With the bottleneck of container ships at the ports are all you intermodal modelers now running empty well cars? Enquiring minds want to know ! Just a little model train humor....carry on...
Just thinking about this. I believe a passenger jet can't take off if there is no place to land at the destination. I wonder if you can't send an empty unless there is room to receive it?
The reason I ask is.... I saw a whole train of empty well cars heading west through Flag the other day. Maybe there are containers waiting for trains somewhere. My understanding is that its getting the people at the ports to load em...hmmmmmmm.
Drove out to west Texas a couple of weeks ago. There are hundreds of empty well cars parked out there in sidings, being stored. I've seen some solutions to the congestion problem where railroads will bring containers a few hundred miles inland where they can then be classified and sorted. But I'm sure the railroads won't be interested unless it's at least a 1500 mile haul.
Basically the result of a "perfect storm", here are some web links to several interesting articles about the ongoing supply chain crisis. https://www.businessinsider.com/pho...ach-shipping-supply-chain-tour-expert-2021-11 https://www.businessinsider.com/supply-chain-crisis-when-it-will-be-over-end-2021-11 https://www.businessinsider.com/shipping-containers-line-streets-in-california-neighborhood-2021-10 https://www.businessinsider.com/lack-of-truck-chassis-supply-chain-crisis-biden-tariff-duty-2021-10 https://www.businessinsider.com/us-has-trucks-to-ease-supply-chain-chaos-wrong-place-2021-10 https://www.businessinsider.com/truckers-wait-outside-backlogged-ports-8-hours-without-pay-2021-11 https://www.businessinsider.com/us-is-running-out-of-cardboard-supply-chain-crisis-2021-10
So, in my retierment I should move to the west coast and become a crane operator? Don't tempt mte. 'Blind crane operator sends loaded container back to China." No, that does not read well.
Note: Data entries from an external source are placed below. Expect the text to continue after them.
lemma kink_mono: "d \<ge> 1 \<Longrightarrow> t \<le> u \<Longrightarrow> kink d c t \<le> kink d c u"
  using kink_increment_bounds(1)[of d "u - t" c t] by simp

lemma kink_nonneg: "d \<ge> 1 \<Longrightarrow> t \<ge> 0 \<Longrightarrow> kink d c t \<ge> 0"
  unfolding kink_def by simp

definition others_kink_values :: "real \<Rightarrow> real \<Rightarrow> nat \<Rightarrow> nat \<Rightarrow> (nat \<Rightarrow> real) \<Rightarrow> real" where
  "others_kink_values d c n i s = kink d c (\<Sum>j\<in>{..<n} - {i}. s j)"

lemma valid_others_kink_values:
  assumes "d \<ge> 1"
  shows "valid_values n {} (others_kink_values d c n)"
  unfolding valid_values_def others_kink_values_def
  using assms by (auto intro!: kink_nonneg kink_mono sum_nonneg sum_mono simp: profiles_def)

lemma d_SOS_others_kink_values:
  assumes d: "d \<ge> 1"
  shows "d_SOS d n {} (others_kink_values d c n)"
  unfolding d_SOS_def
proof (intro allI impI ballI)
  fix i j :: nat and s s' :: "nat \<Rightarrow> real" and \<delta> :: real
  assume ij: "i < n" "j < n" and \<delta>: "\<delta> \<ge> 0"
  let ?v = "others_kink_values d c n i"
  show "?v (s(j := s j + \<delta>)) - ?v s \<le> d * (?v (s'(j := s j + \<delta>)) - ?v (s'(j := s j)))"
  proof (cases "j = i")
    case True
    have "(\<Sum>l\<in>{..<n} - {i}. (f(j := y)) l) = (\<Sum>l\<in>{..<n} - {i}. f l)" for f :: "nat \<Rightarrow> real" and y
      using True by (intro sum.cong) auto
    then show ?thesis unfolding others_kink_values_def by simp
  next
    case False
    then have A: "finite ({..<n} - {i})" "j \<in> {..<n} - {i}" using ij by auto
    have incr: "?v (f(j := y + \<delta>)) - ?v (f(j := y)) = kink d c (t + \<delta>) - kink d c t"
      if "t = (\<Sum>l\<in>{..<n} - {i} - {j}. f l) + y" for f t y
      unfolding others_kink_values_def sum_fun_upd_remove[OF A] that by (simp add: add.assoc)
    have "?v (s(j := s j + \<delta>)) - ?v s \<le> d * \<delta>"
      using incr[OF refl, of s "s j"] kink_increment_bounds(2)[OF d \<delta>] by simp
    also have "\<dots> \<le> d * (?v (s'(j := s j + \<delta>)) - ?v (s'(j := s j)))"
      using incr[OF refl, of s' "s j"] kink_increment_bounds(1)[OF d \<delta>] d
      by (intro mult_left_mono) auto
    finally show ?thesis .
  qed
qed

lemma others_kink_welfare_bound:
  assumes ic: "ic_mechanism n {} x" and n: "n \<ge> 2"
    and d: "d \<ge> 1" "(real n - 1) * (real n - 2) \<le> d"
  defines "v \<equiv> others_kink_values d (real n - 2) n"
  shows "\<exists>s\<in>profiles n {}. opt_welfare n v s > 0 \<and> welfare n x v s \<le> 2 / real n * opt_welfare n v s"
proof -
  define ones :: "nat \<Rightarrow> real" where "ones = (\<lambda>j. if j < n then 1 else 0)"
  have ones_prof: "ones \<in> profiles n {}" unfolding ones_def profiles_def by auto
  have feasible: "\<forall>i<n. 0 \<le> x s i" "(\<Sum>i<n. x s i) \<le> 1" if "s \<in> profiles n {}" for s
    using ic that unfolding ic_mechanism_def by auto
  obtain k where k: "k < n" "x ones k \<le> 1 / real n"
    using ex_le_inverse_of_sum_le_1[OF _ feasible(2)[OF ones_prof]] n by auto
  define p where "p = ones(k := 0)"
  have p_prof: "p \<in> profiles n {}" unfolding p_def ones_def profiles_def by auto
  have xk: "x p k \<le> 1 / real n"
    using ic_mechanism_lower_signal[OF ic k(1) _ ones_prof, of 0] p_prof k
    by (simp add: p_def ones_def)
  define A where "A = real n - 2 + d"
  define B where "B = real n - 2"
  have vk: "v k p = A"
  proof -
    have "(\<Sum>j\<in>{..<n} - {k}. p j) = (\<Sum>j\<in>{..<n} - {k}. 1)"
      by (intro sum.cong) (auto simp: p_def ones_def)
    then show ?thesis
      using k n by (simp add: v_def others_kink_values_def kink_def A_def of_nat_diff)
  qed
  have vi: "v i p = B" if "i < n" "i \<noteq> k" for i
  proof -
    have kA: "finite ({..<n} - {i})" "k \<in> {..<n} - {i}" using that k by auto
    have "(\<Sum>j\<in>{..<n} - {i}. p j) = (\<Sum>j\<in>{..<n} - {i} - {k}. 1)"
      unfolding p_def sum_fun_upd_remove[OF kA] by (auto simp: ones_def intro!: sum.cong)
    moreover have "card ({..<n} - {i} - {k}) = n - 2" using that k by (simp add: card_Diff_singleton)
    ultimately show ?thesis
      using n by (simp add: v_def others_kink_values_def kink_def B_def of_nat_diff)
  qed
  have B0: "B \<ge> 0" and A0: "A > 0" using n d by (simp_all add: A_def B_def)
  have opt: "A \<le> opt_welfare n v p"
    unfolding opt_welfare_def using k vk by (intro Max_ge) auto
  have "welfare n x v p \<le> 1 / real n * A + B"
    using welfare_le_small_share[where x = x and s = p and v = v, OF feasible[OF p_prof] k(1) xk] vk vi A0 B0 by auto
  also have "\<dots> \<le> 2 / real n * A"
  proof -
    have "real n * B \<le> A" using d(2) by (simp add: A_def B_def algebra_simps)
    then show ?thesis using n by (simp add: field_simps)
  qed
  also have "\<dots> \<le> 2 / real n * opt_welfare n v p"
    using opt by (intro mult_left_mono) auto
  finally show ?thesis using p_prof opt A0 by (intro bexI[of _ p]) auto
qed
Yes but one heck of a climb to reach those control cabs. Then some precision touch at the controls not to mention good depth perception.
Indeed! When I lived on terminal island I got used to the occasional crashing sound of a container being dropped in the early morning hours. After a while it became the lullaby that kept me asleep which came in handy later on when I was assigned to a ship.
This topic invites another question. What is done with empty containers? Are they loaded with other products and shipped elsewhere; end up in the great garbage dump in the middle of the ocean; recycled into other products; shipped back empty to the originating country; become housing in third world countries; welded together to make retaining walls or used for storage as is with trailers that are no longer road worthy or some other use?
Most often, they are returned to service once emptied. Most of the west bound container rail traffic is empties, to be loaded onto the same container ships that just brought a load of full ones from Asia. There is also a pretty good market for used containers, to be used as outdoor storage buildings, or remodeled into shop space and even houses (multiple containers stacked/arranged and remodeled as needed). A friend of mine bought a few of them to store farm equipment and hay for his bison herd, on his remote acreage until he could retire and build a permanent home and barn out there.
And then there are "One Trip Containers"... https://www.containerdiscounts.com/new-one-trip-shipping-containers#:~:text=A one-trip container is pretty much what it,is why it is called a one-trip container.
So the toilet paper we were screaming about in 2020 is still out to sea So why would they head this way knowing they can't unload them? I actually find this kind of interesting. I mean they are built to only handle so much correct? Who's paying them while they sit there in the area of the port for a month or so?
Get a bidet. You will never use toilette paper again. 80% of the world uses bidets. We like to kill trees.